In Spanish, "mezcla" means “mix, blend or fusion” and in her first solo cookbook, Belfrage brings together recipes inspired by Italy, Brazil, Mexico and beyond. Divided into simpler recipes and ones that take more time, Mezcla includes recipes for any craving, meal or time, from giant cheese on toast with urfa butter to salsa roja risotto. More than half the book is vegetarian or vegan.
Previously, Belfrage co-authored the bestseller Ottolenghi Flavour (Ebury) with Yotam Ottolenghi and was named one of the most influential women in food by Code Hospitality in 2021. “One-in-a-million creativity,” Ottolenghi commented, “Ixta’s food is simply outstanding!”
Palazzo said: “Ixta is an astonishing talent, and we could not be more proud to be publishing her first solo cookbook.
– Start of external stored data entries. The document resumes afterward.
lemma gap_le_sum_internal_gaps:
  fixes \<mu> :: "'a \<Rightarrow> real"
  assumes "finite I" "S \<subseteq> I" "x \<in> I" "y \<in> S"
  shows "\<mu> x - \<mu> y
    \<le> (\<Sum>i\<in>I. \<Sum>j\<in>{j\<in>I. \<mu> j \<le> \<mu> i}. (\<mu> x - \<mu> j) * (if x = i \<and> j \<in> S then 1 else 0))"
    (is "_ \<le> (\<Sum>i\<in>I. ?g i)")
proof -
  have g_nonneg: "0 \<le> ?g i" for i
    by (rule sum_nonneg) auto
  show ?thesis
  proof (cases "\<mu> y \<le> \<mu> x")
    case True
    have "\<mu> x - \<mu> y = (\<mu> x - \<mu> y) * (if x = x \<and> y \<in> S then 1 else 0)"
      using assms by simp
    also have "\<dots> \<le> ?g x"
      using True assms
      by (intro member_le_sum[where f="\<lambda>j. (\<mu> x - \<mu> j) * (if x = x \<and> j \<in> S then 1 else 0)"]) auto
    also have "\<dots> \<le> (\<Sum>i\<in>I. ?g i)"
      using assms g_nonneg by (intro member_le_sum) auto
    finally show ?thesis .
  next
    case False
    then have "\<mu> x - \<mu> y \<le> 0" by simp
    also have "\<dots> \<le> (\<Sum>i\<in>I. ?g i)"
      using g_nonneg by (rule sum_nonneg)
    finally show ?thesis .
  qed
qed

lemma ordering_regret_le_int_regret_const_losses:
  fixes \<mu> :: "nat \<Rightarrow> real"
  assumes \<sigma>: "is_ordering K \<sigma>"
    and S: "\<And>t. t \<in> {1..T} \<Longrightarrow> S t w \<subseteq> {1..K} \<and> S t w \<noteq> {}"
    and k: "\<And>t. t \<in> {1..T} \<Longrightarrow> k t w \<in> S t w"
  shows "ordering_regret K (\<lambda>_ _. \<mu>) S k T \<sigma> w
    \<le> (\<Sum>i\<in>{1..K}. \<Sum>j\<in>{j\<in>{1..K}. \<mu> j \<le> \<mu> i}. int_regret (\<lambda>_ _. \<mu>) S k T i j w)"
proof -
  have "ordering_regret K (\<lambda>_ _. \<mu>) S k T \<sigma> w
      \<le> (\<Sum>t=1..T. \<Sum>i\<in>{1..K}. \<Sum>j\<in>{j\<in>{1..K}. \<mu> j \<le> \<mu> i}.
            (\<mu> (k t w) - \<mu> j) * (if k t w = i \<and> j \<in> S t w then 1 else 0))"
    (is "_ \<le> sum ?bound _")
    unfolding ordering_regret_def
  proof (rule sum_mono)
    fix t assume "t \<in> {1..T}"
    with S k ord_sel_mem[OF \<sigma>] show "\<mu> (k t w) - \<mu> (ord_sel K \<sigma> (S t w)) \<le> ?bound t"
      by (intro gap_le_sum_internal_gaps) blast+
  qed
  also have "\<dots> = (\<Sum>i\<in>{1..K}. \<Sum>j\<in>{j\<in>{1..K}. \<mu> j \<le> \<mu> i}. int_regret (\<lambda>_ _. \<mu>) S k T i j w)"
    unfolding int_regret_def by (subst sum.swap) (intro sum.cong refl sum.swap)
  finally show ?thesis .
qed

locale iid_losses = prob_space M
  for M :: "'w measure" and F :: "nat \<Rightarrow> 'w measure" and K :: nat
    and L :: "nat \<Rightarrow> 'w \<Rightarrow> nat \<Rightarrow> real" and \<mu> :: "nat \<Rightarrow> real" +
  assumes loss_range: "\<And>t w j. 1 \<le> t \<Longrightarrow> w \<in> space M \<Longrightarrow> j \<in> {1..K} \<Longrightarrow> L t w j \<in> {0..1}"
    and loss_meas: "\<And>t j. 1 \<le> t \<Longrightarrow> j \<in> {1..K} \<Longrightarrow> (\<lambda>w. L t w j) \<in> borel_measurable M"
    and F_sub: "\<And>t. 1 \<le> t \<Longrightarrow> subalgebra M (F t)"
    and indep: "\<And>t. 1 \<le> t \<Longrightarrow>
                  indep_set (sets (vimage_algebra (space M) (loss_vec K L t) (loss_space K))) (sets (F t))"
    and ident: "\<And>t. 1 \<le> t \<Longrightarrow>
                  distr M (loss_space K) (loss_vec K L t) = distr M (loss_space K) (loss_vec K L 1)"
    and mean: "\<And>j. j \<in> {1..K} \<Longrightarrow> \<mu> j = (\<integral>w. L 1 w j \<partial>M)"
begin

lemma loss_vec_measurable: "1 \<le> t \<Longrightarrow> loss_vec K L t \<in> measurable M (loss_space K)"
  unfolding loss_vec_def by (intro measurable_restrict loss_meas) auto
Bursting with creativity and flavour, her food is truly fresh and exciting, and her recipe titles alone are enough to make you want to get into the kitchen and start cooking.”
Curran commented: “Ixta’s cooking is truly unique and I can’t wait for readers to bring her quintessential mixture of ingredients and flavour-packed recipes into their homes. This will be a must-have book for anyone who loves cooking bold, inventive and delicious food.”
Belfrage added: “I’m incredibly excited to be sharing my favourite flavours inspired by a lifetime obsession with food and a childhood spent travelling around Italy, Brazil and Mexico. There are recipes for every mood in this book, from quick, midweek dishes, to longer projects for when you have the time to slow down and savour the process. The recipes celebrate fusion cooking, while the introduction is an ode to the countries that taught me to love food.”